==== Records shown

definition strategy_wins ::
    "'a set \<Rightarrow> ('a \<Rightarrow> 'a \<Rightarrow> bool) \<Rightarrow> 'a \<Rightarrow> 'a \<Rightarrow> 'a list \<Rightarrow> ('a pos list \<Rightarrow> 'a list) \<Rightarrow> bool" where
  "strategy_wins V E s t D0 \<sigma> \<longleftrightarrow>
     (\<forall>(p :: nat \<Rightarrow> 'a pos) N. p 0 = (s, t, D0) \<longrightarrow>
        (\<forall>m. 2 * m + 1 \<le> N \<longrightarrow> fac_move V E (p (2 * m)) (p (2 * m + 1))) \<longrightarrow>
        (\<forall>m. 2 * m + 2 \<le> N \<longrightarrow>
             p (2 * m + 2) = (fst (p (2 * m + 1)), fst (snd (p (2 * m + 1))),
                              \<sigma> (map p [0..<2 * m + 2]))) \<longrightarrow>
        (\<forall>m. 2 * m + 2 \<le> N \<longrightarrow> div_move V E (p (2 * m + 1)) (p (2 * m + 2))) \<and>
        (\<forall>i\<le>N. fst (p i) \<noteq> fst (snd (p i))))"

lemma divider_wins_iff_strategy:
  "divider_wins V E s t k \<longleftrightarrow>
     (\<exists>D0 \<sigma>. length D0 = k \<and> set D0 \<subseteq> V - {s, t} \<and> strategy_wins V E s t D0 \<sigma>)"
  unfolding divider_wins_def strategy_wins_def ..

lemma strategy_winsD:
  assumes "strategy_wins V E s t D0 \<sigma>" and "p 0 = (s, t, D0)"
    and "\<And>m. 2 * m + 1 \<le> N \<Longrightarrow> fac_move V E (p (2 * m)) (p (2 * m + 1))"
    and "\<And>m. 2 * m + 2 \<le> N \<Longrightarrow>
           p (2 * m + 2) = (fst (p (2 * m + 1)), fst (snd (p (2 * m + 1))), \<sigma> (map p [0..<2 * m + 2]))"
  shows "\<And>m. 2 * m + 2 \<le> N \<Longrightarrow> div_move V E (p (2 * m + 1)) (p (2 * m + 2))"
    and "\<And>i. i \<le> N \<Longrightarrow> fst (p i) \<noteq> fst (snd (p i))"
  using assms unfolding strategy_wins_def by blast+

lemma strategy_wins_no_free_common_neighbour:
  assumes win: "strategy_wins V E s t D0 \<sigma>" and sym: "\<And>u v. E u v \<Longrightarrow> E v u"
    and c: "c \<in> V" "c \<notin> set D0" "E s c" "E c t"
  shows False
proof -
  define p where "p = (\<lambda>i::nat. if i = 0 then (s, t, D0) else (c, c, D0))"
  have fac: "fac_move V E (p (2 * m)) (p (2 * m + 1))" if "2 * m + 1 \<le> 1" for m
    using that c sym[of c t] unfolding p_def fac_move_def gstep_def by simp
  have "fst (p 1) \<noteq> fst (snd (p 1))"
    by (rule strategy_winsD(2)[where N = 1, OF win _ fac]) (simp_all add: p_def)
  then show False by (simp add: p_def)
qed

lemma strategy_wins_no_free_path3:
  assumes win: "strategy_wins V E s t D0 \<sigma>" and sym: "\<And>u v. E u v \<Longrightarrow> E v u"
    and ab: "a \<in> V" "a \<notin> set D0" "b \<in> V" "b \<notin> set D0" "E s a" "E a b" "E b t"
  shows False
proof -
  define D' where "D' = \<sigma> [(s, t, D0), (a, b, D0)]"
  define p where "p = (\<lambda>i::nat. if i = 0 then (s, t, D0) else if i = 1 then (a, b, D0)
                                else if i = 2 then (a, b, D') else (b, b, D'))"
  have p0: "p 0 = (s, t, D0)" by (simp add: p_def)
  have strat: "p (2 * m + 2) = (fst (p (2 * m + 1)), fst (snd (p (2 * m + 1))), \<sigma> (map p [0..<2 * m + 2]))"
    if "2 * m + 2 \<le> 3" for m
  proof -
    have "m = 0" using that by simp
    moreover have "map p [0..<2] = [(s, t, D0), (a, b, D0)]" by (simp add: p_def upt_rec)
    ultimately show ?thesis by (simp add: p_def D'_def)
  qed
  have first_move: "fac_move V E (p 0) (p 1)"
    using ab sym[of b t] unfolding p_def fac_move_def gstep_def by simp
  have "div_move V E (p (2 * 0 + 1)) (p (2 * 0 + 2))"
  proof (rule strategy_winsD(1)[where N = 2 and p = p, OF win p0])
    show "fac_move V E (p (2 * m)) (p (2 * m + 1))" if "2 * m + 1 \<le> 2" for m
    proof -
      have "m = 0" using that by arith
      then show ?thesis using first_move by simp
    qed
    show "p (2 * m + 2) = (fst (p (2 * m + 1)), fst (snd (p (2 * m + 1))), \<sigma> (map p [0..<2 * m + 2]))"
      if "2 * m + 2 \<le> 2" for m
      using that strat[of m] by simp
  qed simp
  then have "b \<notin> set D'"
    unfolding p_def div_move_def by (auto simp: in_set_conv_nth)
  then have second_move: "fac_move V E (p 2) (p 3)"
    using ab unfolding p_def fac_move_def gstep_def by simp
  have "fst (p 3) \<noteq> fst (snd (p 3))"
  proof (rule strategy_winsD(2)[where N = 3 and p = p, OF win p0 _ strat])
    show "fac_move V E (p (2 * m)) (p (2 * m + 1))" if "2 * m + 1 \<le> 3" for m
    proof -
      have "m = 0 \<or> m = 1" using that by arith
      then show ?thesis using first_move second_move by auto
    qed
  qed simp_all
  then show False by (simp add: p_def)
qed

========

**What you are asked to do:** Search the data above for the word "rule", then gather each line in which it appears.

**Written response:**
    by (rule strategy_winsD(2)[where N = 1, OF win _ fac]) (simp_all add: p_def)
  proof (rule strategy_winsD(1)[where N = 2 and p = p, OF win p0])
  proof (rule strategy_winsD(2)[where N = 3 and p = p, OF win p0 _ strat])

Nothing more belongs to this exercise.